lemma shift_coeff_translate:
  fixes P :: "('v::finite \<Rightarrow> nat) \<Rightarrow> 'a::comm_ring_1"
  assumes supp: "\<And>\<gamma>. P \<gamma> \<noteq> 0 \<Longrightarrow> \<gamma> \<in> exp_box N"
  shows "shift_coeff P N \<alpha> (\<lambda>i. a i + r i)
     = (\<Sum>\<nu>\<in>exp_box N. shift_binom \<alpha> \<nu> * shift_coeff P N (\<lambda>i. \<alpha> i + \<nu> i) r * mpow a \<nu>)"
proof -
  let ?g = "\<lambda>\<mu> \<nu>. P (\<lambda>i. \<alpha> i + \<mu> i) * shift_binom \<alpha> \<mu>
                   * (multi_choose \<mu> \<nu> * mpow a \<nu> * mpow r (\<lambda>i. \<mu> i - \<nu> i))"
  have regroup: "?g (\<lambda>i. \<nu> i + \<kappa> i) \<nu> = shift_binom \<alpha> \<nu> * mpow a \<nu>
      * (P (\<lambda>i. \<alpha> i + \<nu> i + \<kappa> i) * shift_binom (\<lambda>i. \<alpha> i + \<nu> i) \<kappa> * mpow r \<kappa>)" for \<nu> \<kappa>
  proof -
    have "?g (\<lambda>i. \<nu> i + \<kappa> i) \<nu> = P (\<lambda>i. \<alpha> i + (\<nu> i + \<kappa> i))
        * (shift_binom \<alpha> (\<lambda>i. \<nu> i + \<kappa> i) * multi_choose (\<lambda>i. \<nu> i + \<kappa> i) \<nu>) * mpow a \<nu> * mpow r \<kappa>"
      by (simp add: mult_ac)
    also have "\<dots> = P (\<lambda>i. \<alpha> i + (\<nu> i + \<kappa> i))
        * (shift_binom \<alpha> \<nu> * shift_binom (\<lambda>i. \<alpha> i + \<nu> i) \<kappa>) * mpow a \<nu> * mpow r \<kappa>"
      by (simp only: shift_binom_mult_multi_choose)
    finally show ?thesis
      by (simp add: add.assoc mult_ac)
  qed
  have "shift_coeff P N \<alpha> (\<lambda>i. a i + r i) = (\<Sum>\<mu>\<in>exp_box N. \<Sum>\<nu>\<in>{\<nu>. \<forall>i. \<nu> i \<le> \<mu> i}. ?g \<mu> \<nu>)"
    unfolding shift_coeff_def mpow_add_expand sum_distrib_left ..
  also have "\<dots> = (\<Sum>\<nu>\<in>exp_box N. \<Sum>\<kappa>\<in>exp_box N. ?g (\<lambda>i. \<nu> i + \<kappa> i) \<nu>)"
  proof (rule sum_exp_box_sum_below_swap)
    fix \<nu> \<kappa> :: "'v \<Rightarrow> nat"
    assume "(\<lambda>i. \<nu> i + \<kappa> i) \<notin> exp_box N"
    then have "(\<lambda>i. \<alpha> i + (\<nu> i + \<kappa> i)) \<notin> exp_box N"
      by (auto simp: exp_box_def intro: le_trans[OF le_add2])
    then have "P (\<lambda>i. \<alpha> i + (\<nu> i + \<kappa> i)) = 0"
      using supp by blast
    then show "?g (\<lambda>i. \<nu> i + \<kappa> i) \<nu> = 0"
      by simp
  qed
  also have "\<dots> = (\<Sum>\<nu>\<in>exp_box N. shift_binom \<alpha> \<nu> * shift_coeff P N (\<lambda>i. \<alpha> i + \<nu> i) r * mpow a \<nu>)"
    unfolding regroup by (simp add: shift_coeff_def sum_distrib_left mult_ac)
  finally show ?thesis .
qed

lemma shift_coeff_translation_invariant:
  fixes P :: "('v::finite \<Rightarrow> nat) \<Rightarrow> 'a::comm_ring_1"
  assumes supp: "\<And>\<gamma>. P \<gamma> \<noteq> 0 \<Longrightarrow> \<gamma> \<in> exp_box N"
    and higher: "\<And>\<nu>. \<nu> \<noteq> (\<lambda>_. 0) \<Longrightarrow>
                   shift_coeff P N (\<lambda>i. \<alpha> i + \<nu> i) r = shift_coeff P N (\<lambda>i. \<alpha> i + \<nu> i) s"
  shows "shift_coeff P N \<alpha> (\<lambda>i. a i + r i) - shift_coeff P N \<alpha> (\<lambda>i. a i + s i)
       = shift_coeff P N \<alpha> r - shift_coeff P N \<alpha> s"
proof -
  let ?rest = "\<lambda>t. \<Sum>\<nu>\<in>exp_box N - {\<lambda>_. 0}.
                  shift_binom \<alpha> \<nu> * shift_coeff P N (\<lambda>i. \<alpha> i + \<nu> i) t * mpow a \<nu>"
  have split: "shift_coeff P N \<alpha> (\<lambda>i. a i + t i) = shift_coeff P N \<alpha> t + ?rest t" for t
    using shift_coeff_translate[OF supp, where \<alpha>=\<alpha> and a=a and r=t]
      sum.remove[OF finite_exp_box zero_in_exp_box,
        of "\<lambda>\<nu>. shift_binom \<alpha> \<nu> * shift_coeff P N (\<lambda>i. \<alpha> i + \<nu> i) t * mpow a \<nu>"]
    by simp
  have "?rest r = ?rest s"
    by (rule sum.cong) (simp_all add: higher)
  then show ?thesis
    unfolding split by simp
qed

-----

Restate the material word for word, leaving nothing out.

lemma shift_coeff_translate:
  fixes P :: "('v::finite \<Rightarrow> nat) \<Rightarrow> 'a::comm_ring_1"
  assumes supp: "\<And>\<gamma>. P \<gamma> \<noteq> 0 \<Longrightarrow> \<gamma> \<in> exp_box N"
  shows "shift_coeff P N \<alpha> (\<lambda>i. a i + r i)
     = (\<Sum>\<nu>\<in>exp_box N. shift_binom \<alpha> \<nu> * shift_coeff P N (\<lambda>i. \<alpha> i + \<nu> i) r * mpow a \<nu>)"
proof -
  let ?g = "\<lambda>\<mu> \<nu>. P (\<lambda>i. \<alpha> i + \<mu> i) * shift_binom \<alpha> \<mu>
                   * (multi_choose \<mu> \<nu> * mpow a \<nu> * mpow r (\<lambda>i. \<mu> i - \<nu> i))"
  have regroup: "?g (\<lambda>i. \<nu> i + \<kappa> i) \<nu> = shift_binom \<alpha> \<nu> * mpow a \<nu>
      * (P (\<lambda>i. \<alpha> i + \<nu> i + \<kappa> i) * shift_binom (\<lambda>i. \<alpha> i + \<nu> i) \<kappa> * mpow r \<kappa>)" for \<nu> \<kappa>
  proof -
    have "?g (\<lambda>i. \<nu> i + \<kappa> i) \<nu> = P (\<lambda>i. \<alpha> i + (\<nu> i + \<kappa> i))
        * (shift_binom \<alpha> (\<lambda>i. \<nu> i + \<kappa> i) * multi_choose (\<lambda>i. \<nu> i + \<kappa> i) \<nu>) * mpow a \<nu> * mpow r \<kappa>"
      by (simp add: mult_ac)
    also have "\<dots> = P (\<lambda>i. \<alpha> i + (\<nu> i + \<kappa> i))
        * (shift_binom \<alpha> \<nu> * shift_binom (\<lambda>i. \<alpha> i + \<nu> i) \<kappa>) * mpow a \<nu> * mpow r \<kappa>"
      by (simp only: shift_binom_mult_multi_choose)
    finally show ?thesis
      by (simp add: add.assoc mult_ac)
  qed
  have "shift_coeff P N \<alpha> (\<lambda>i. a i + r i) = (\<Sum>\<mu>\<in>exp_box N. \<Sum>\<nu>\<in>{\<nu>. \<forall>i. \<nu> i \<le> \<mu> i}. ?g \<mu> \<nu>)"
    unfolding shift_coeff_def mpow_add_expand sum_distrib_left ..
  also have "\<dots> = (\<Sum>\<nu>\<in>exp_box N. \<Sum>\<kappa>\<in>exp_box N. ?g (\<lambda>i. \<nu> i + \<kappa> i) \<nu>)"
  proof (rule sum_exp_box_sum_below_swap)
    fix \<nu> \<kappa> :: "'v \<Rightarrow> nat"
    assume "(\<lambda>i. \<nu> i + \<kappa> i) \<notin> exp_box N"
    then have "(\<lambda>i. \<alpha> i + (\<nu> i + \<kappa> i)) \<notin> exp_box N"
      by (auto simp: exp_box_def intro: le_trans[OF le_add2])
    then have "P (\<lambda>i. \<alpha> i + (\<nu> i + \<kappa> i)) = 0"
      using supp by blast
    then show "?g (\<lambda>i. \<nu> i + \<kappa> i) \<nu> = 0"
      by simp
  qed
  also have "\<dots> = (\<Sum>\<nu>\<in>exp_box N. shift_binom \<alpha> \<nu> * shift_coeff P N (\<lambda>i. \<alpha> i + \<nu> i) r * mpow a \<nu>)"
    unfolding regroup by (simp add: shift_coeff_def sum_distrib_left mult_ac)
  finally show ?thesis .
qed

lemma shift_coeff_translation_invariant:
  fixes P :: "('v::finite \<Rightarrow> nat) \<Rightarrow> 'a::comm_ring_1"
  assumes supp: "\<And>\<gamma>. P \<gamma> \<noteq> 0 \<Longrightarrow> \<gamma> \<in> exp_box N"
    and higher: "\<And>\<nu>. \<nu> \<noteq> (\<lambda>_. 0) \<Longrightarrow>
                   shift_coeff P N (\<lambda>i. \<alpha> i + \<nu> i) r = shift_coeff P N (\<lambda>i. \<alpha> i + \<nu> i) s"
  shows "shift_coeff P N \<alpha> (\<lambda>i. a i + r i) - shift_coeff P N \<alpha> (\<lambda>i. a i + s i)
       = shift_coeff P N \<alpha> r - shift_coeff P N \<alpha> s"
proof -
  let ?rest = "\<lambda>t. \<Sum>\<nu>\<in>exp_box N - {\<lambda>_. 0}.
                  shift_binom \<alpha> \<nu> * shift_coeff P N (\<lambda>i. \<alpha> i + \<nu> i) t * mpow a \<nu>"
  have split: "shift_coeff P N \<alpha> (\<lambda>i. a i + t i) = shift_coeff P N \<alpha> t + ?rest t" for t
    using shift_coeff_translate[OF supp, where \<alpha>=\<alpha> and a=a and r=t]
      sum.remove[OF finite_exp_box zero_in_exp_box,
        of "\<lambda>\<nu>. shift_binom \<alpha> \<nu> * shift_coeff P N (\<lambda>i. \<alpha> i + \<nu> i) t * mpow a \<nu>"]
    by simp
  have "?rest r = ?rest s"
    by (rule sum.cong) (simp_all add: higher)
  then show ?thesis
    unfolding split by simp
qed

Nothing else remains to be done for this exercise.